Prompt:
The answer should consist of each line from the data below that includes "cases".

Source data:
(* Consider a Bayesian network as described in the context, with source node $X$. Let $W$ be a node and $V$ a set of nodes such that $W\notin V$, $W\neq X$, and $W>v$ for every $v\in V$. Then $$\eta_{\mathrm{KL}}(P_{V\cup\{W\}|X})\le \eta_W\,\eta_{\mathrm{KL}}(P_{V\cup \mathrm{pa}(W)|X})+(1-\eta_W)\,\eta_{\mathrm{KL}}(P_{V|X}).$$ Moreover, for every set of nodes $V$, $$\eta_{\mathrm{KL}}(P_{V|X})\le \mathrm{perc}(V).$$ In particular, if $\eta_v<1$ for all nodes $v\ne X$, then $\eta_{\mathrm{KL}}(P_{V|X})<1$ for every $V$ not containing $X$.
   Context: Bayesian network: a finite directed acyclic graph whose vertices are random variables $Y_v$ taking values in finite alphabets; each vertex $v$ with parents $\mathrm{pa}(v)$ is equipped with a conditional distribution $P_{Y_v|Y_{\mathrm{pa}(v)}}$, except a distinguished source node $X$ with no inbound edges (other parentless nodes have specified marginals and are independent of everything else given nothing). Vertices are topologically sorted: $v_1>v_2$ implies there is no directed path from $v_1$ to $v_2$. For a set of nodes $V$, $P_{V|X}$ denotes the induced kernel from $X$ to $Y_V=(Y_v)_{v\in V}$. For a kernel $K$, $\eta_{\mathrm{KL}}(K)=\sup_Q\sup_P D(K\circ P\|K\circ Q)/D(P\|Q)$, the supremum over input distributions $Q$ not a point mass and $P$ with $0<D(P\|Q)<\infty$, where $D$ is KL divergence and $K\circ P$ the output distribution. Set $\eta_v=\eta_{\mathrm{KL}}(P_{Y_v|Y_{\mathrm{pa}(v)}})$ (with $\eta_v=0$ for parentless nodes other than $X$). Site percolation: each node $v\ne X$ is independently removed with probability $1-\eta_v$ ($X$ is never removed); $\mathrm{perc}(V)$ is the probability that there exists a sequence of nodes $v_1=X,v_2,\dots,v_n$ with $v_n\in V$, each $(v_i,v_{i+1})$ a directed edge, and no $v_i$ removed (so $\mathrm{perc}(V)=1$ if $X\in V$). *)

theory Defs
  imports "HOL-Analysis.Analysis"
begin

text \<open>A kernel from a finite input alphabet I to a finite output alphabet O is a
function K with K i o the probability of output o given input i.\<close>

definition is_dist :: "'i set \<Rightarrow> ('i \<Rightarrow> real) \<Rightarrow> bool" where
  "is_dist I P \<longleftrightarrow> (\<forall>i\<in>I. 0 \<le> P i) \<and> (\<Sum>i\<in>I. P i) = 1"

definition point_mass :: "'i set \<Rightarrow> ('i \<Rightarrow> real) \<Rightarrow> bool" where
  "point_mass I Q \<longleftrightarrow> (\<exists>i\<in>I. \<forall>j\<in>I. Q j = (if j = i then 1 else 0))"

text \<open>Absolute continuity of P w.r.t. Q, i.e. D(P||Q) < infinity.\<close>
definition abs_cont :: "'i set \<Rightarrow> ('i \<Rightarrow> real) \<Rightarrow> ('i \<Rightarrow> real) \<Rightarrow> bool" where
  "abs_cont I P Q \<longleftrightarrow> (\<forall>i\<in>I. 0 < P i \<longrightarrow> 0 < Q i)"

text \<open>KL divergence (natural log), meaningful when abs_cont I P Q holds.\<close>
definition kl_div :: "'i set \<Rightarrow> ('i \<Rightarrow> real) \<Rightarrow> ('i \<Rightarrow> real) \<Rightarrow> real" where
  "kl_div I P Q = (\<Sum>i\<in>I. if P i = 0 then 0 else P i * ln (P i / Q i))"

definition push :: "'i set \<Rightarrow> ('i \<Rightarrow> 'o \<Rightarrow> real) \<Rightarrow> ('i \<Rightarrow> real) \<Rightarrow> 'o \<Rightarrow> real" where
  "push I K P = (\<lambda>b. \<Sum>i\<in>I. P i * K i b)"

text \<open>eta_KL(K) = sup over Q not a point mass and P with 0 < D(P||Q) < infinity of
D(K o P || K o Q) / D(P || Q).  (If no admissible pair exists, i.e. the input alphabet
is a singleton, the value is 0; otherwise inserting 0 does not change the supremum
since all ratios are nonnegative.)\<close>
definition eta_KL :: "'i set \<Rightarrow> 'o set \<Rightarrow> ('i \<Rightarrow> 'o \<Rightarrow> real) \<Rightarrow> real" where
  "eta_KL I Y K = Sup (insert 0
     {kl_div Y (push I K P) (push I K Q) / kl_div I P Q | P Q.
        is_dist I P \<and> is_dist I Q \<and> \<not> point_mass I Q \<and> abs_cont I P Q \<and> 0 < kl_div I P Q})"

text \<open>Nodes N (finite) of type 'n, directed edges E, source node x0, finite nonempty
alphabets A v (values of type 'a), conditional distributions K v pa b = P(Y_v = b | Y_pa(v) = pa)
where pa ranges over assignments in PiE (parents v) A.  A topological sort is given by an
injective numbering ord on N with edges going from smaller to larger numbers (so
ord v1 > ord v2 implies there is no directed path from v1 to v2).\<close>

definition parents :: "('n \<times> 'n) set \<Rightarrow> 'n \<Rightarrow> 'n set" where
  "parents E v = {u. (u, v) \<in> E}"

definition bayes_net ::
  "'n set \<Rightarrow> ('n \<times> 'n) set \<Rightarrow> 'n \<Rightarrow> ('n \<Rightarrow> 'a set) \<Rightarrow> ('n \<Rightarrow> ('n \<Rightarrow> 'a) \<Rightarrow> 'a \<Rightarrow> real)
    \<Rightarrow> ('n \<Rightarrow> nat) \<Rightarrow> bool" where
  "bayes_net N E x0 A K ord \<longleftrightarrow>
     finite N \<and> x0 \<in> N \<and> E \<subseteq> N \<times> N \<and> acyclic E \<and>
     (\<forall>u. (u, x0) \<notin> E) \<and>
     (\<forall>v\<in>N. finite (A v) \<and> A v \<noteq> {}) \<and>
     (\<forall>v\<in>N - {x0}. \<forall>p\<in>PiE (parents E v) A.
          (\<forall>b\<in>A v. 0 \<le> K v p b) \<and> (\<Sum>b\<in>A v. K v p b) = 1) \<and>
     inj_on ord N \<and> (\<forall>(u, v)\<in>E. ord u < ord v)"

definition joint ::
  "'n set \<Rightarrow> ('n \<times> 'n) set \<Rightarrow> 'n \<Rightarrow> ('n \<Rightarrow> ('n \<Rightarrow> 'a) \<Rightarrow> 'a \<Rightarrow> real) \<Rightarrow> 'a \<Rightarrow> ('n \<Rightarrow> 'a) \<Rightarrow> real" where
  "joint N E x0 K x y =
     (if y x0 = x then 1 else 0) * (\<Prod>v\<in>N - {x0}. K v (restrict y (parents E v)) (y v))"

definition induced_kernel ::
  "'n set \<Rightarrow> ('n \<times> 'n) set \<Rightarrow> 'n \<Rightarrow> ('n \<Rightarrow> 'a set) \<Rightarrow> ('n \<Rightarrow> ('n \<Rightarrow> 'a) \<Rightarrow> 'a \<Rightarrow> real)
     \<Rightarrow> 'n set \<Rightarrow> 'a \<Rightarrow> ('n \<Rightarrow> 'a) \<Rightarrow> real" where
  "induced_kernel N E x0 A K V x z =
     (\<Sum>y\<in>{y \<in> PiE N A. restrict y V = z}. joint N E x0 K x y)"

definition eta_set ::
  "'n set \<Rightarrow> ('n \<times> 'n) set \<Rightarrow> 'n \<Rightarrow> ('n \<Rightarrow> 'a set) \<Rightarrow> ('n \<Rightarrow> ('n \<Rightarrow> 'a) \<Rightarrow> 'a \<Rightarrow> real)
     \<Rightarrow> 'n set \<Rightarrow> real" where
  "eta_set N E x0 A K V = eta_KL (A x0) (PiE V A) (induced_kernel N E x0 A K V)"

definition eta_node ::
  "('n \<times> 'n) set \<Rightarrow> ('n \<Rightarrow> 'a set) \<Rightarrow> ('n \<Rightarrow> ('n \<Rightarrow> 'a) \<Rightarrow> 'a \<Rightarrow> real) \<Rightarrow> 'n \<Rightarrow> real" where
  "eta_node E A K v =
     (if parents E v = {} then 0 else eta_KL (PiE (parents E v) A) (A v) (K v))"

text \<open>Site percolation: each node v \<noteq> x0 is kept independently with probability p v.
S is the set of kept nodes other than x0; perc(V) is the probability that some node of V
is reachable from x0 by a directed path through kept nodes.\<close>
definition perc :: "'n set \<Rightarrow> ('n \<times> 'n) set \<Rightarrow> 'n \<Rightarrow> ('n \<Rightarrow> real) \<Rightarrow> 'n set \<Rightarrow> real" where
  "perc N E x0 p V =
     (\<Sum>S\<in>Pow (N - {x0}).
        (\<Prod>v\<in>S. p v) * (\<Prod>v\<in>(N - {x0}) - S. 1 - p v) *
        (if \<exists>w\<in>V. (x0, w) \<in> (E \<inter> (insert x0 S \<times> insert x0 S))\<^sup>* then 1 else 0))"

end

theory Submission
  imports Defs
begin

text \<open>For W above every node of V, marginalising out all nodes above W shows that Y over
  insert W V arises from Y over U = V \<union> pa(W) by applying the channel of W to the parent
  coordinates. Grouping the outputs by their restriction v to V, the strong data processing
  inequality for that channel keeps only the fraction eta_W of the divergence carried inside
  each fibre {u. u restricted to V = v}, while the divergence of the fibre totals (which is the
  divergence on V) is kept in full; this gives the recursion. Site percolation satisfies the
  same recursion with equality, by conditioning on whether W is kept, so induction on the top
  node of V gives eta(V) \<le> perc(V). When every eta_v < 1, keeping no site has positive
  probability and reaches only x0, whence perc(V) < 1.\<close>

definition rel_entr :: "real \<Rightarrow> real \<Rightarrow> real" where
  "rel_entr a b = (if a = 0 then 0 else a * ln (a / b))"

lemma kl_div_eq_sum_rel_entr: "kl_div I P Q = (\<Sum>i\<in>I. rel_entr (P i) (Q i))"
  unfolding kl_div_def rel_entr_def by simp

lemma rel_entr_0_left [simp]: "rel_entr 0 b = 0"
  by (simp add: rel_entr_def)

lemma rel_entr_same [simp]: "rel_entr a a = 0"
  by (simp add: rel_entr_def)

lemma rel_entr_mult_right: "rel_entr (a * k) (b * k) = k * rel_entr a b"
  by (cases "k = 0") (auto simp: rel_entr_def)

lemma rel_entr_mult:
  assumes "0 < \<alpha>" "0 < \<beta>" "0 \<le> s" "0 < s \<Longrightarrow> 0 < t"
  shows "rel_entr (\<alpha> * s) (\<beta> * t) = \<alpha> * rel_entr s t + s * rel_entr \<alpha> \<beta>"
proof (cases "s = 0")
  case False
  with assms have "0 < s" "0 < t" by auto
  then show ?thesis
    using assms by (auto simp: rel_entr_def ln_mult ln_div algebra_simps)
qed simp

lemma rel_entr_ge_diff:
  assumes "0 \<le> a" "0 \<le> b" "0 < a \<Longrightarrow> 0 < b"
  shows "a - b \<le> rel_entr a b"
proof (cases "a = 0")
  case False
  with assms have "0 < a" "0 < b" by auto
  then have "ln (b / a) \<le> b / a - 1" by (intro ln_le_minus_one) simp
  then have "a * (1 - b / a) \<le> a * ln (a / b)"
    using \<open>0 < a\<close> \<open>0 < b\<close> by (simp add: ln_div)
  then show ?thesis using \<open>0 < a\<close> by (simp add: rel_entr_def algebra_simps)
qed (use assms in simp)

text \<open>The log-sum inequality: rescale every b i by c = (\<Sum>a)/(\<Sum>b) and use
  a - b \<le> rel_entr a b termwise.\<close>
lemma rel_entr_sum_le:
  assumes "finite I" "\<And>i. i \<in> I \<Longrightarrow> 0 \<le> a i" "\<And>i. i \<in> I \<Longrightarrow> 0 \<le> b i"
    "\<And>i. i \<in> I \<Longrightarrow> 0 < a i \<Longrightarrow> 0 < b i"
  shows "rel_entr (\<Sum>i\<in>I. a i) (\<Sum>i\<in>I. b i) \<le> (\<Sum>i\<in>I. rel_entr (a i) (b i))"
proof (cases "\<exists>i\<in>I. 0 < a i")
  case False
  with assms(2) have "\<And>i. i \<in> I \<Longrightarrow> a i = 0" by force
  then show ?thesis by simp
next
  case True
  define \<alpha> where "\<alpha> = (\<Sum>i\<in>I. a i)"
  define \<beta> where "\<beta> = (\<Sum>i\<in>I. b i)"
  from True obtain j where "j \<in> I" "0 < a j" by blast
  then have "0 < \<alpha>" "0 < \<beta>"
    using assms unfolding \<alpha>_def \<beta>_def by (auto intro!: sum_pos2[of I j])
  define c where "c = \<alpha> / \<beta>"
  have "0 < c" using \<open>0 < \<alpha>\<close> \<open>0 < \<beta>\<close> by (simp add: c_def)
  have "rel_entr (a i) (b i) = rel_entr (a i) (c * b i) + a i * ln c" if "i \<in> I" for i
    using rel_entr_mult[of 1 c "a i" "b i"] assms that \<open>0 < c\<close>
    by (simp add: rel_entr_def ln_div)
  then have "(\<Sum>i\<in>I. rel_entr (a i) (b i)) = (\<Sum>i\<in>I. rel_entr (a i) (c * b i)) + \<alpha> * ln c"
    by (simp add: sum.distrib \<alpha>_def sum_distrib_right)
  moreover have "(\<Sum>i\<in>I. a i - c * b i) \<le> (\<Sum>i\<in>I. rel_entr (a i) (c * b i))"
    using assms \<open>0 < c\<close> by (intro sum_mono rel_entr_ge_diff) auto
  moreover have "(\<Sum>i\<in>I. c * b i) = c * \<beta>" by (simp add: \<beta>_def sum_distrib_left)
  then have "(\<Sum>i\<in>I. a i - c * b i) = 0"
    using \<open>0 < \<beta>\<close> by (simp add: sum_subtractf c_def \<alpha>_def)
  ultimately show ?thesis
    using \<open>0 < \<alpha>\<close> by (simp add: rel_entr_def c_def flip: \<alpha>_def \<beta>_def)
qed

Answer box:
  by (cases "k = 0") (auto simp: rel_entr_def)
proof (cases "s = 0")
proof (cases "a = 0")
proof (cases "\<exists>i\<in>I. 0 < a i")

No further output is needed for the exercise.